## WHAT TO PRODUCE
Among the entries below, please repeat exactly and only the lines from the line containing "psd_scale :: int" to the line containing "(* Let $\Gamma$", both lines included.

** Opening DATA IN THIS EXERCISE block **

definition expansion_vec :: "nat \<Rightarrow> int \<Rightarrow> int list \<Rightarrow> int list list \<Rightarrow> int \<Rightarrow> int list \<Rightarrow> int list" where
  "expansion_vec n T p bs c e =
     map (\<lambda>j. T ^ length bs * ventry p j + (\<Sum>i<length bs. T ^ i * ventry (bs ! i) j) + c * ventry e j) [0..<n]"

lemma ventry_expansion_vec:
  "j < n \<Longrightarrow> ventry (expansion_vec n T p bs c e) j
     = T ^ length bs * ventry p j + (\<Sum>i<length bs. T ^ i * ventry (bs ! i) j) + c * ventry e j"
  by (simp add: expansion_vec_def ventry_def[of "map _ _"])

lemma bil_expansion_vec:
  "bil m x (real_vec (expansion_vec (rk m) T p bs c e))
     = of_int (T ^ length bs) * bil m x (real_vec p)
       + (\<Sum>i<length bs. of_int (T ^ i) * bil m x (real_vec (bs ! i)))
       + of_int c * bil m x (real_vec e)"
proof -
  have "bil m x (real_vec (expansion_vec (rk m) T p bs c e))
          = bil m x (\<lambda>j. of_int (T ^ length bs) * real_vec p j
              + (\<Sum>i<length bs. of_int (T ^ i) * real_vec (bs ! i) j) + of_int c * real_vec e j)"
    by (rule bil_cong) (simp_all add: real_vec_def ventry_expansion_vec)
  then show ?thesis
    by (simp only: bil_add_right bil_mult_right bil_sum_right)
qed

lemma mapp_real_vec_if:
  assumes "list_mat_vec (rk m) M v = v"
  shows "mapp m (gentry M) (real_vec v) = real_vec v"
proof
  fix j
  show "mapp m (gentry M) (real_vec v) j = real_vec v j"
  proof (cases "j < rk m")
    case True
    then have "mapp m (gentry M) (real_vec v) j = of_int (ventry (list_mat_vec (rk m) M v) j)"
      by (simp add: mapp_def real_vec_def ventry_list_mat_vec)
    then show ?thesis
      by (simp add: assms real_vec_def)
  next
    case False
    have "length v = rk m"
      using arg_cong[OF assms, of length] by (simp add: list_mat_vec_def)
    then show ?thesis
      using False by (simp add: mapp_def real_vec_def ventry_def)
  qed
qed

text \<open>\<open>six_inv_gram\<close> is \<open>6 G\<^sup>-\<^sup>1\<close> and \<open>inv_mat + 1 = rev_lin G + 3 rev_rem\<close>. The Gram
  matrix of \<open>perp_basis\<close> is \<open>2 (U + U\<^sup>T)\<close> for \<open>U = perp_quarter_norm\<close>, so norms on its
  integral span are divisible by 4.\<close>
record achirality_cert =
  inv_mat :: "int list list"
  six_inv_gram :: "int list list"
  rev_lin :: "int list list"
  rev_rem :: "int list list"
  pos_vec :: "int list"
  psd_scale :: int
  psd_lin :: "int list"
  psd_squares :: "(int \<times> int list) list"
  exp_base :: int
  exp_bound :: int
  exp_lead :: "int list"
  exp_digits :: "int list list"
  exp_coeff :: int
  perp_basis :: "int list list"
  perp_coords :: "int list list"
  perp_den :: int
  perp_corr :: "int list list"
  perp_quarter_norm :: "int list list"

definition fixed_vec :: "gram \<Rightarrow> achirality_cert \<Rightarrow> int list" where
  "fixed_vec m c = expansion_vec (rk m) (exp_base c) (exp_lead c) (exp_digits c) (exp_coeff c) (pos_vec c)"

definition valid_cert :: "gram \<Rightarrow> achirality_cert \<Rightarrow> bool" where
  "valid_cert m c \<longleftrightarrow>
     list_mat (rk m) (\<lambda>i j. gentry m j i) = list_mat (rk m) (gentry m) \<and>
     involution_cert m (inv_mat c) \<and>
     z3_reversing_cert m (inv_mat c) (six_inv_gram c) (rev_lin c) (rev_rem c) \<and>
     list_mat_vec (rk m) (inv_mat c) (fixed_vec m c) = fixed_vec m c \<and>
     int_form m (fixed_vec m c) (fixed_vec m c) < 0 \<and>
     6 * (int_form m (fixed_vec m c) (pos_vec c))\<^sup>2 < - int_form m (fixed_vec m c) (fixed_vec m c) \<and>
     perp_psd_cert m (pos_vec c) (psd_scale c) (psd_lin c) (psd_squares c) \<and>
     (\<forall>v \<in> set (exp_digits c). int_form m v (pos_vec c) = 0 \<and> 6 * int_form m v v < (exp_bound c + 1)\<^sup>2) \<and>
     0 \<le> exp_bound c \<and> 2 * exp_bound c < exp_base c \<and>
     perp_span_cert m (pos_vec c # exp_lead c # exp_digits c)
       (perp_basis c) (perp_coords c) (perp_den c) (perp_corr c) (perp_quarter_norm c)"
(* Let $\Gamma$ be a metrized graph with $v \geq 4$ vertices. Then $$(v-4)\,Kf(\Gamma)=\sum_{e_i \in E(\Gamma)} \frac{R_i}{L_i+R_i}\, Kf(\overline{\Gamma}_i) - v\cdot y(\Gamma).$$
   Context: A metrized graph $\Gamma$ is a finite connected graph (multiple edges and self-loops allowed) each of whose edges is identified with a closed segment of positive length. Its vertex set $V(\Gamma)$ is a finite nonempty set of points containing every point whose valence (number of directions emanating from it) is not $2$; $v=\#V(\Gamma)$; $E(\Gamma)$ is the set of edges (closed segments between vertices), and $L_i$ is the length of the edge $e_i$. $r(x,y)$ is the effective resistance on $\Gamma$ (each edge a resistor with resistance equal to its length), and $r_\beta$ is the resistance function on a metrized graph $\beta$. For an edge $e_i$ with end points $p_i,q_i$, $\Gamma-e_i$ is the graph with the interior of $e_i$ deleted. If $\Gamma-e_i$ is connected, $R_i$ is the effective resistance between $p_i$ and $q_i$ in $\Gamma-e_i$, and for a point $p$, $R_{a_i,p}=\hat j_{p_i}(p,q_i)$ and $R_{b_i,p}=\hat j_{q_i}(p,p_i)$, where $\hat j_z(x,y)$ is the voltage function of $\Gamma-e_i$ (the potential at $x$ when unit current enters at $y$ and exits at $z$, with potential $0$ at $z$); thus $R_{a_i,p}+R_{b_i,p}=R_i$. If $e_i$ is a bridge, one sets $R_{a_i,p}=0,\ R_{b_i,p}=R_i$ when $p$ lies in the component of $\Gamma-e_i$ containing $p_i$, and $R_{a_i,p}=R_i,\ R_{b_i,p}=0$ otherwise, and every expression involving $R_i$ is interpreted as its limit as $R_i\to\infty$. For a self-loop, $R_i=0$. The Kirchhoff index is $Kf(\Gamma)=\frac12\sum_{p,q\in V(\Gamma)} r(p,q)$. $\overline{\Gamma}_i$ is the metrized graph obtained by contracting $e_i$ to a point (identifying $p_i$ and $q_i$), with vertex set the image of $V(\Gamma)$; the quantities for $\overline\Gamma_i$ are computed in $\overline\Gamma_i$. For a fixed vertex $p$ (the value is independent of the choice), $$y(\Gamma)=\frac14\sum_{e_i\in E(\Gamma)}\frac{L_iR_i^2}{(L_i+R_i)^2}+\frac34\sum_{e_i\in E(\Gamma)}\frac{L_i(R_{a_i,p}-R_{b_i,p})^2}{(L_i+R_i)^2}.$$ *)

theory Defs
  imports Complex_Main
begin

text \<open>A metrized graph (with a chosen vertex set) is modelled combinatorially:
  a vertex set V, an edge set E, endpoints ends e = (p_e, q_e), and lengths L e > 0.
  Multiple edges and self-loops are allowed.  All interior points of edges have
  valence 2, so any vertex set is admissible.\<close>

definition graph_connected :: "'v set \<Rightarrow> 'e set \<Rightarrow> ('e \<Rightarrow> 'v \<times> 'v) \<Rightarrow> bool" where
  "graph_connected V E ends \<longleftrightarrow>
     (\<forall>x\<in>V. \<forall>y\<in>V. (x, y) \<in> (\<Union>e\<in>E. {ends e, prod.swap (ends e)})\<^sup>*)"

definition metrized_graph :: "'v set \<Rightarrow> 'e set \<Rightarrow> ('e \<Rightarrow> 'v \<times> 'v) \<Rightarrow> ('e \<Rightarrow> real) \<Rightarrow> bool" where
  "metrized_graph V E ends L \<longleftrightarrow>
     finite V \<and> V \<noteq> {} \<and> finite E \<and>
     (\<forall>e\<in>E. fst (ends e) \<in> V \<and> snd (ends e) \<in> V \<and> L e > 0) \<and>
     graph_connected V E ends"

text \<open>Net current leaving vertex u through the edges, for the potential f
  (each edge is a resistor of resistance L e).\<close>
definition net_current :: "'e set \<Rightarrow> ('e \<Rightarrow> 'v \<times> 'v) \<Rightarrow> ('e \<Rightarrow> real) \<Rightarrow> ('v \<Rightarrow> real) \<Rightarrow> 'v \<Rightarrow> real" where
  "net_current E ends L f u =
     (\<Sum>e\<in>{e\<in>E. fst (ends e) = u}. (f u - f (snd (ends e))) / L e) +
     (\<Sum>e\<in>{e\<in>E. snd (ends e) = u}. (f u - f (fst (ends e))) / L e)"

text \<open>Voltage function: voltage V E ends L z y x = j_z(x,y), the potential at x when
  unit current enters at y and exits at z, with potential 0 at z.\<close>
definition voltage :: "'v set \<Rightarrow> 'e set \<Rightarrow> ('e \<Rightarrow> 'v \<times> 'v) \<Rightarrow> ('e \<Rightarrow> real) \<Rightarrow> 'v \<Rightarrow> 'v \<Rightarrow> 'v \<Rightarrow> real" where
  "voltage V E ends L z y =
     (THE f. (\<forall>u\<in>V. net_current E ends L f u = (if u = y then 1 else 0) - (if u = z then 1 else 0))
             \<and> f z = 0 \<and> (\<forall>u. u \<notin> V \<longrightarrow> f u = 0))"

definition eff_res :: "'v set \<Rightarrow> 'e set \<Rightarrow> ('e \<Rightarrow> 'v \<times> 'v) \<Rightarrow> ('e \<Rightarrow> real) \<Rightarrow> 'v \<Rightarrow> 'v \<Rightarrow> real" where
  "eff_res V E ends L x y = voltage V E ends L y x x"

definition kirchhoff_index :: "'v set \<Rightarrow> 'e set \<Rightarrow> ('e \<Rightarrow> 'v \<times> 'v) \<Rightarrow> ('e \<Rightarrow> real) \<Rightarrow> real" where
  "kirchhoff_index V E ends L = (1/2) * (\<Sum>p\<in>V. \<Sum>q\<in>V. eff_res V E ends L p q)"

definition is_bridge :: "'v set \<Rightarrow> 'e set \<Rightarrow> ('e \<Rightarrow> 'v \<times> 'v) \<Rightarrow> 'e \<Rightarrow> bool" where
  "is_bridge V E ends i \<longleftrightarrow> i \<in> E \<and> \<not> graph_connected V (E - {i}) ends"

text \<open>R_i, R_{a_i,p}, R_{b_i,p} computed in Gamma - e_i (meaningful when e_i is not a bridge).\<close>
definition R_del :: "'v set \<Rightarrow> 'e set \<Rightarrow> ('e \<Rightarrow> 'v \<times> 'v) \<Rightarrow> ('e \<Rightarrow> real) \<Rightarrow> 'e \<Rightarrow> real" where
  "R_del V E ends L i = eff_res V (E - {i}) ends L (fst (ends i)) (snd (ends i))"

definition R_a :: "'v set \<Rightarrow> 'e set \<Rightarrow> ('e \<Rightarrow> 'v \<times> 'v) \<Rightarrow> ('e \<Rightarrow> real) \<Rightarrow> 'e \<Rightarrow> 'v \<Rightarrow> real" where
  "R_a V E ends L i p = voltage V (E - {i}) ends L (fst (ends i)) (snd (ends i)) p"

definition R_b :: "'v set \<Rightarrow> 'e set \<Rightarrow> ('e \<Rightarrow> 'v \<times> 'v) \<Rightarrow> ('e \<Rightarrow> real) \<Rightarrow> 'e \<Rightarrow> 'v \<Rightarrow> real" where
  "R_b V E ends L i p = voltage V (E - {i}) ends L (snd (ends i)) (fst (ends i)) p"

text \<open>Per-edge terms; for a bridge they are the limits as R_i tends to infinity
  (with R_{a_i,p}, R_{b_i,p} equal to 0 and R_i in some order): all limits equal the stated values.\<close>
definition contr_coef :: "'v set \<Rightarrow> 'e set \<Rightarrow> ('e \<Rightarrow> 'v \<times> 'v) \<Rightarrow> ('e \<Rightarrow> real) \<Rightarrow> 'e \<Rightarrow> real" where
  "contr_coef V E ends L i =
     (if is_bridge V E ends i then 1
      else R_del V E ends L i / (L i + R_del V E ends L i))"

definition y_term1 :: "'v set \<Rightarrow> 'e set \<Rightarrow> ('e \<Rightarrow> 'v \<times> 'v) \<Rightarrow> ('e \<Rightarrow> real) \<Rightarrow> 'e \<Rightarrow> real" where
  "y_term1 V E ends L i =
     (if is_bridge V E ends i then L i
      else L i * (R_del V E ends L i)\<^sup>2 / (L i + R_del V E ends L i)\<^sup>2)"

definition y_term2 :: "'v set \<Rightarrow> 'e set \<Rightarrow> ('e \<Rightarrow> 'v \<times> 'v) \<Rightarrow> ('e \<Rightarrow> real) \<Rightarrow> 'e \<Rightarrow> 'v \<Rightarrow> real" where
  "y_term2 V E ends L i p =
     (if is_bridge V E ends i then L i
      else L i * (R_a V E ends L i p - R_b V E ends L i p)\<^sup>2 / (L i + R_del V E ends L i)\<^sup>2)"

definition y_inv :: "'v set \<Rightarrow> 'e set \<Rightarrow> ('e \<Rightarrow> 'v \<times> 'v) \<Rightarrow> ('e \<Rightarrow> real) \<Rightarrow> 'v \<Rightarrow> real" where
  "y_inv V E ends L p =
     (1/4) * (\<Sum>i\<in>E. y_term1 V E ends L i) + (3/4) * (\<Sum>i\<in>E. y_term2 V E ends L i p)"

definition contract_map :: "('e \<Rightarrow> 'v \<times> 'v) \<Rightarrow> 'e \<Rightarrow> 'v \<Rightarrow> 'v" where
  "contract_map ends i x = (if x = snd (ends i) then fst (ends i) else x)"

definition kf_contracted :: "'v set \<Rightarrow> 'e set \<Rightarrow> ('e \<Rightarrow> 'v \<times> 'v) \<Rightarrow> ('e \<Rightarrow> real) \<Rightarrow> 'e \<Rightarrow> real" where
  "kf_contracted V E ends L i =
     kirchhoff_index (contract_map ends i ` V) (E - {i})
       (\<lambda>e. map_prod (contract_map ends i) (contract_map ends i) (ends e)) L"

end

theory Submission
  imports Defs "Jordan_Normal_Form.Determinant"
begin

text \<open>Ground the vertex p and let green x y be the potential at x of a unit current entering at y
  and leaving at p.  Every quantity in the identity is a quadratic expression in green.  With
  psi e = green(., p_e) - green(., q_e), the potential of a unit current through the ends of e,
  one has r(x,y) = green x x + green y y - 2 green x y and
  sum_e psi_e(x) psi_e(y) / L_e = green x y.  The coefficient R_e / (L_e + R_e) equals the
  current c_e = r(p_e,q_e) / L_e through e (also for bridges, c_e = 1, and self-loops, c_e = 0),
  the two summands of y(Gamma) are L_e c_e^2 and (psi_e(p_e) + psi_e(q_e))^2 / L_e, and
  contracting e changes the resistance to r(x,y) - (psi_e(x) - psi_e(y))^2 / r(p_e,q_e).
  Summing over the edges, Foster's identity sum_e c_e = v - 1 and Green's identity reduce
  everything to the trace T and the total sum S of green, with Kf = v T - S.\<close>

section \<open>Square linear systems\<close>

lemma mult_mat_vec_surj_if_inj:
  fixes A :: "'a :: field mat"
  assumes A: "A \<in> carrier_mat n n"
    and inj: "\<And>v. v \<in> carrier_vec n \<Longrightarrow> A *\<^sub>v v = 0\<^sub>v n \<Longrightarrow> v = 0\<^sub>v n"
    and b: "b \<in> carrier_vec n"
  shows "\<exists>v \<in> carrier_vec n. A *\<^sub>v v = b"
proof -
  have "det A \<noteq> 0"
    using det_0_iff_vec_prod_zero_field[OF A] inj by blast
  then obtain B where B: "B \<in> carrier_mat n n" "A * B = 1\<^sub>m n"
    using det_non_zero_imp_unit[OF A, of "()"] unfolding Units_def by (auto simp: ring_mat_def)
  have "A *\<^sub>v (B *\<^sub>v b) = (A * B) *\<^sub>v b"
    using assoc_mult_mat_vec[of A n n B n b] A B(1) b by simp
  also have "\<dots> = b" using B(2) b by simp
  finally show ?thesis using B(1) b by (intro bexI[of _ "B *\<^sub>v b"]) auto
qed

lemma square_system_solvable:
  fixes M :: "'v \<Rightarrow> 'v \<Rightarrow> real"
  assumes fin: "finite V"
    and inj: "\<And>x. \<forall>u\<in>V. (\<Sum>w\<in>V. M u w * x w) = 0 \<Longrightarrow> \<forall>w\<in>V. x w = 0"
  shows "\<exists>x. \<forall>u\<in>V. (\<Sum>w\<in>V. M u w * x w) = b u"
proof -
  obtain vs where vs: "set vs = V" "distinct vs" using finite_distinct_list[OF fin] by blast
  define n where "n = length vs"
  have bij: "bij_betw ((!) vs) {..<n} V"
    using bij_betw_nth[OF vs(2) _ vs(1)[symmetric]] n_def by simp
  then have idx: "\<And>u. u \<in> V \<Longrightarrow> \<exists>i<n. u = vs ! i"
    by (metis bij_betw_iff_bijections lessThan_iff)
  have reindex: "\<And>F. (\<Sum>w\<in>V. F w) = (\<Sum>j<n. F (vs ! j))"
    using sum.reindex_bij_betw[OF bij] by metis
  define A where "A = mat n n (\<lambda>(i, j). M (vs ! i) (vs ! j))"
  have A: "A \<in> carrier_mat n n" unfolding A_def by simp
  define fun_of where "fun_of v w = v $ the_inv_into {..<n} ((!) vs) w" for v :: "real vec" and w
  have fun_of: "\<And>v j. j < n \<Longrightarrow> fun_of v (vs ! j) = v $ j"
    unfolding fun_of_def using bij by (simp add: bij_betw_def the_inv_into_f_f)
  have system: "(\<Sum>w\<in>V. M (vs ! i) w * fun_of v w) = (A *\<^sub>v v) $ i"
    if "v \<in> carrier_vec n" "i < n" for v i
    using that by (simp add: reindex fun_of A_def scalar_prod_def lessThan_atLeast0)
  have "\<exists>v \<in> carrier_vec n. A *\<^sub>v v = vec n (\<lambda>i. b (vs ! i))"
  proof (rule mult_mat_vec_surj_if_inj[OF A])
    fix v :: "real vec" assume v: "v \<in> carrier_vec n" and Av: "A *\<^sub>v v = 0\<^sub>v n"
    have "\<forall>u\<in>V. (\<Sum>w\<in>V. M u w * fun_of v w) = 0"
      using idx system[OF v] Av by (metis index_zero_vec(1))
    then have "\<forall>w\<in>V. fun_of v w = 0" by (rule inj)
    then have "\<forall>j<n. v $ j = 0" using fun_of bij by (metis bij_betw_apply lessThan_iff)
    then show "v = 0\<^sub>v n" using v by (intro eq_vecI) auto
  qed simp
  then obtain v where v: "v \<in> carrier_vec n" "A *\<^sub>v v = vec n (\<lambda>i. b (vs ! i))" by blast
  have "\<forall>u\<in>V. (\<Sum>w\<in>V. M u w * fun_of v w) = b u"
    using idx system[OF v(1)] v(2) by (metis index_vec)
  then show ?thesis by blast
qed

section \<open>Connectivity\<close>

definition edge_rel :: "'e set \<Rightarrow> ('e \<Rightarrow> 'v \<times> 'v) \<Rightarrow> ('v \<times> 'v) set" where
  "edge_rel E ends = (\<Union>e\<in>E. {ends e, prod.swap (ends e)})"

lemma graph_connected_edge_rel:
  "graph_connected V E ends \<longleftrightarrow> (\<forall>x\<in>V. \<forall>y\<in>V. (x, y) \<in> (edge_rel E ends)\<^sup>*)"
  unfolding graph_connected_def edge_rel_def by simp

lemma edge_rel_edge:
  "e \<in> E \<Longrightarrow> (fst (ends e), snd (ends e)) \<in> edge_rel E ends"
  "e \<in> E \<Longrightarrow> (snd (ends e), fst (ends e)) \<in> edge_rel E ends"
  unfolding edge_rel_def by (auto intro!: UN_I[of e] simp: prod.swap_def)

** Closing DATA IN THIS EXERCISE block **

## ANSWER SPACE
  psd_scale :: int
  psd_lin :: "int list"
  psd_squares :: "(int \<times> int list) list"
  exp_base :: int
  exp_bound :: int
  exp_lead :: "int list"
  exp_digits :: "int list list"
  exp_coeff :: int
  perp_basis :: "int list list"
  perp_coords :: "int list list"
  perp_den :: int
  perp_corr :: "int list list"
  perp_quarter_norm :: "int list list"

definition fixed_vec :: "gram \<Rightarrow> achirality_cert \<Rightarrow> int list" where
  "fixed_vec m c = expansion_vec (rk m) (exp_base c) (exp_lead c) (exp_digits c) (exp_coeff c) (pos_vec c)"

definition valid_cert :: "gram \<Rightarrow> achirality_cert \<Rightarrow> bool" where
  "valid_cert m c \<longleftrightarrow>
     list_mat (rk m) (\<lambda>i j. gentry m j i) = list_mat (rk m) (gentry m) \<and>
     involution_cert m (inv_mat c) \<and>
     z3_reversing_cert m (inv_mat c) (six_inv_gram c) (rev_lin c) (rev_rem c) \<and>
     list_mat_vec (rk m) (inv_mat c) (fixed_vec m c) = fixed_vec m c \<and>
     int_form m (fixed_vec m c) (fixed_vec m c) < 0 \<and>
     6 * (int_form m (fixed_vec m c) (pos_vec c))\<^sup>2 < - int_form m (fixed_vec m c) (fixed_vec m c) \<and>
     perp_psd_cert m (pos_vec c) (psd_scale c) (psd_lin c) (psd_squares c) \<and>
     (\<forall>v \<in> set (exp_digits c). int_form m v (pos_vec c) = 0 \<and> 6 * int_form m v v < (exp_bound c + 1)\<^sup>2) \<and>
     0 \<le> exp_bound c \<and> 2 * exp_bound c < exp_base c \<and>
     perp_span_cert m (pos_vec c # exp_lead c # exp_digits c)
       (perp_basis c) (perp_coords c) (perp_den c) (perp_corr c) (perp_quarter_norm c)"
(* Let $\Gamma$ be a metrized graph with $v \geq 4$ vertices. Then $$(v-4)\,Kf(\Gamma)=\sum_{e_i \in E(\Gamma)} \frac{R_i}{L_i+R_i}\, Kf(\overline{\Gamma}_i) - v\cdot y(\Gamma).$$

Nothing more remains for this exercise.